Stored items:
+---+

lemma integral_exp_mult_square_le_approx:
  fixes H p :: "real \<Rightarrow> real"
  assumes cH: "continuous_on {0..} H" and cp: "continuous_on {0..1} p"
    and B: "\<And>s. s \<ge> 0 \<Longrightarrow> \<bar>H s\<bar> \<le> B"
    and approx: "\<And>s. s \<ge> 0 \<Longrightarrow> \<bar>H s - p (exp (- s))\<bar> < \<epsilon>"
    and T: "T \<ge> max T\<^sub>0 0"
  shows "integral {0..T\<^sub>0} (\<lambda>s. exp (- s) * (H s)\<^sup>2)
    \<le> integral {0..T} (\<lambda>s. exp (- s) * p (exp (- s)) * H s) + B * \<epsilon>"
proof -
  have cpe: "continuous_on {0..} (\<lambda>s. p (exp (- s)))"
    by (rule continuous_on_compose2[OF cp]) (auto intro!: continuous_intros)
  have "integral {0..T\<^sub>0} (\<lambda>s. exp (- s) * (H s)\<^sup>2) \<le> integral {0..T} (\<lambda>s. exp (- s) * (H s)\<^sup>2)"
    using T by (intro integral_subset_le integrable_on_Icc_if_continuous_on_halfline)
      (auto intro!: continuous_intros cH)
  also have "\<dots> = integral {0..T} (\<lambda>s. exp (- s) * p (exp (- s)) * H s)
      + integral {0..T} (\<lambda>s. exp (- s) * H s * (H s - p (exp (- s))))"
    unfolding power2_eq_square
    by (subst integral_add[symmetric])
      (auto simp: algebra_simps intro!: integrable_on_Icc_if_continuous_on_halfline
        continuous_intros cH cpe)
  also have "integral {0..T} (\<lambda>s. exp (- s) * H s * (H s - p (exp (- s))))
      \<le> integral {0..T} (\<lambda>s. B * \<epsilon> * exp (- s))"
  proof (rule integral_le)
    fix s
    assume "s \<in> {0..T}"
    have "H s * (H s - p (exp (- s))) \<le> \<bar>H s\<bar> * \<bar>H s - p (exp (- s))\<bar>"
      by (metis abs_ge_self abs_mult)
    also have "\<dots> \<le> B * \<epsilon>"
      using B[of s] approx[of s] \<open>s \<in> {0..T}\<close> by (intro mult_mono) auto
    finally show "exp (- s) * H s * (H s - p (exp (- s))) \<le> B * \<epsilon> * exp (- s)"
      by (simp add: mult.assoc mult.commute[of "exp (- s)"])
  qed (auto intro!: integrable_on_Icc_if_continuous_on_halfline continuous_intros cH cpe)
  also have "\<dots> = B * \<epsilon> * (1 - exp (- T))"
    using has_integral_exp_neg_mult[of 1 T] T by (simp add: integral_unique)
  also have "\<dots> \<le> B * \<epsilon>"
    using B[of 0] approx[of 0] by (simp add: mult_left_le)
  finally show ?thesis
    by simp
qed

text \<open>Approximate \<open>x \<mapsto> H (- ln x)\<close> on \<open>[0, 1]\<close> by a polynomial \<open>p\<close> (Weierstrass); the
  vanishing moments make the integrals of \<open>e\<^sup>-\<^sup>s p (e\<^sup>-\<^sup>s) H s\<close> tend to \<open>0\<close>.\<close>

lemma integral_exp_mult_square_le_if_exp_moments_vanish:
  fixes H :: "real \<Rightarrow> real"
  assumes cH: "continuous_on {0..} H" and lim: "(H \<longlongrightarrow> 0) at_top"
    and mom: "\<And>n. has_laplace H (real (Suc n)) 0"
    and B: "\<And>s. s \<ge> 0 \<Longrightarrow> \<bar>H s\<bar> \<le> B" and "\<epsilon> > 0"
  shows "integral {0..T\<^sub>0} (\<lambda>s. exp (- s) * (H s)\<^sup>2) \<le> B * \<epsilon>"
proof -
  obtain g where "real_polynomial_function g"
    and g: "\<And>x. x \<in> {0..1} \<Longrightarrow> \<bar>(if x = 0 then 0 else H (- ln x)) - g x\<bar> < \<epsilon>"
    using Stone_Weierstrass_real_polynomial_function[OF compact_Icc
        continuous_on_comp_neg_ln[OF cH lim] \<open>\<epsilon> > 0\<close>] by blast
  then obtain a n where gs: "g = (\<lambda>x. \<Sum>i\<le>n. a i * x ^ i)"
    using real_polynomial_function_iff_sum by blast
  define I where "I T = integral {0..T} (\<lambda>s. exp (- s) * g (exp (- s)) * H s)" for T
  have "\<bar>H s - g (exp (- s))\<bar> < \<epsilon>" if "s \<ge> 0" for s
    using g[of "exp (- s)"] that by simp
  then have "integral {0..T\<^sub>0} (\<lambda>s. exp (- s) * (H s)\<^sup>2) \<le> I T + B * \<epsilon>" if "T \<ge> max T\<^sub>0 0" for T
    unfolding I_def using that
    by (intro integral_exp_mult_square_le_approx[OF cH _ B]) (auto simp: gs intro!: continuous_intros)
  then have ev: "\<forall>\<^sub>F T in at_top. integral {0..T\<^sub>0} (\<lambda>s. exp (- s) * (H s)\<^sup>2) \<le> I T + B * \<epsilon>"
    unfolding eventually_at_top_linorder by blast
  have lim: "((\<lambda>T. I T + B * \<epsilon>) \<longlongrightarrow> 0 + B * \<epsilon>) at_top"
    unfolding I_def gs by (intro tendsto_add tendsto_integral_exp_poly_mult[OF cH mom] tendsto_const)
  show ?thesis
    using tendsto_lowerbound[OF lim ev trivial_limit_at_top_linorder] by simp
qed

lemma zero_if_exp_moments_vanish:
  fixes H :: "real \<Rightarrow> real"
  assumes cH: "continuous_on {0..} H" and lim: "(H \<longlongrightarrow> 0) at_top"
    and mom: "\<And>n. has_laplace H (real (Suc n)) 0" and "t \<ge> 0"
  shows "H t = 0"
proof -
  obtain B where B: "\<And>s. s \<ge> 0 \<Longrightarrow> \<bar>H s\<bar> \<le> B"
    using bounded_on_halfline_if_tendsto[OF cH lim] by blast
  define q where "q s = exp (- s) * (H s)\<^sup>2" for s
  have cq: "continuous_on {0..t + 1} q"
    unfolding q_def by (auto intro!: continuous_intros continuous_on_subset[OF cH])
  have "integral {0..t + 1} q \<le> 0"
  proof (rule field_le_epsilon)
    fix \<epsilon> :: real
    assume "\<epsilon> > 0"
    then have "integral {0..t + 1} q \<le> B * (\<epsilon> / (\<bar>B\<bar> + 1))"
      unfolding q_def by (intro integral_exp_mult_square_le_if_exp_moments_vanish[OF cH lim mom B])
        auto
    also have "\<dots> \<le> \<epsilon>"
      using \<open>\<epsilon> > 0\<close> by (auto simp: field_simps abs_if intro: mult_right_mono)
    finally show "integral {0..t + 1} q \<le> 0 + \<epsilon>"
      by simp
  qed
  moreover have "integral {0..t + 1} q \<ge> 0"
    using cq by (intro integral_nonneg integrable_continuous_interval) (auto simp: q_def)
  ultimately have "integral {0..t + 1} q = 0"
    by linarith
  moreover have "q integrable_on {0..t + 1}"
    using cq by (rule integrable_continuous_interval)
  ultimately have "(q has_integral 0) (cbox 0 (t + 1))"
    by (metis cbox_interval integrable_integral)
  then have "q t = 0"
    using cq \<open>t \<ge> 0\<close> by (intro has_integral_0_cbox_imp_0[of 0 "t + 1" q]) (auto simp: q_def)
  then show ?thesis
    by (simp add: q_def)
qed

text \<open>After the substitution \<open>H s = \<integral>\<^sub>0\<^sup>s e\<^sup>-\<^sup>x\<^sup>0\<^sup>u K u du\<close>, integration by
  parts turns the vanishing of the transform of \<open>K\<close> at \<open>x\<^sub>0 + n\<close> into that of \<open>H\<close> at \<open>n\<close>.\<close>

lemma has_laplace_zero_imp_zero:
  fixes K :: "real \<Rightarrow> real"
  assumes cK: "continuous_on {0..} K" and "\<forall>\<^sub>F x in at_top. has_laplace K x 0" and t: "t \<ge> 0"
  shows "K t = 0"
proof -
  obtain x\<^sub>1 where hyp: "\<And>x. x \<ge> x\<^sub>1 \<Longrightarrow> has_laplace K x 0"
    using assms(2) unfolding eventually_at_top_linorder by blast
  define x\<^sub>0 where "x\<^sub>0 = max x\<^sub>1 0"
  define v where "v = (\<lambda>u. exp (- (x\<^sub>0 * u)) * K u)"
  define H where "H s = integral {0..s} v" for s
  have cv: "continuous_on {0..} v"
    unfolding v_def by (auto intro!: continuous_intros cK)
  have cH: "continuous_on {0..} H"
    unfolding H_def by (rule continuous_on_integral_halfline[OF cv])
  have lim: "(H \<longlongrightarrow> 0) at_top"
    using hyp[of x\<^sub>0] unfolding has_laplace_def H_def v_def x\<^sub>0_def by simp
  have "has_laplace H (real (Suc n)) 0" for n
  proof -
    have "has_laplace v (real (Suc n)) 0"
      unfolding v_def has_laplace_exp_mult_iff by (rule hyp) (simp add: x\<^sub>0_def)
    moreover have "((\<lambda>T. exp (- (real (Suc n) * T)) * H T) \<longlongrightarrow> 0 * 0) at_top"
      by (intro tendsto_mult tendsto_exp_neg_mult_at_top lim) simp
    ultimately show ?thesis
      using has_laplace_integral[OF cv, of "real (Suc n)" 0] unfolding H_def by simp
  qed
  then have "H s = 0" if "s \<ge> 0" for s
    using zero_if_exp_moments_vanish[OF cH lim _ that] by blast
  then have "(H has_real_derivative 0) (at t within {0..})"
    using t by (intro has_field_derivative_transform_within[OF DERIV_const zero_less_one]) auto
  moreover have "(H has_real_derivative v t) (at t within {0..})"
    unfolding H_def by (rule has_real_derivative_integral_halfline[OF cv t])
  moreover have "at t within {0..} \<noteq> bot"
  proof -
    have "at_right t \<le> at t within {0..}"
      using t by (intro at_le) auto
    then show ?thesis
      by (metis bot.extremum_unique trivial_limit_at_right_real)
  qed
  ultimately have "0 = v t"
    by (rule has_field_derivative_unique)
  then show ?thesis
    by (simp add: v_def)
qed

+---+

■ Work request
Return each line of the data that contains the string "thesis".

■ Problem solution
  finally show ?thesis
  show ?thesis
  then show ?thesis
    ultimately show ?thesis
    then show ?thesis
  then show ?thesis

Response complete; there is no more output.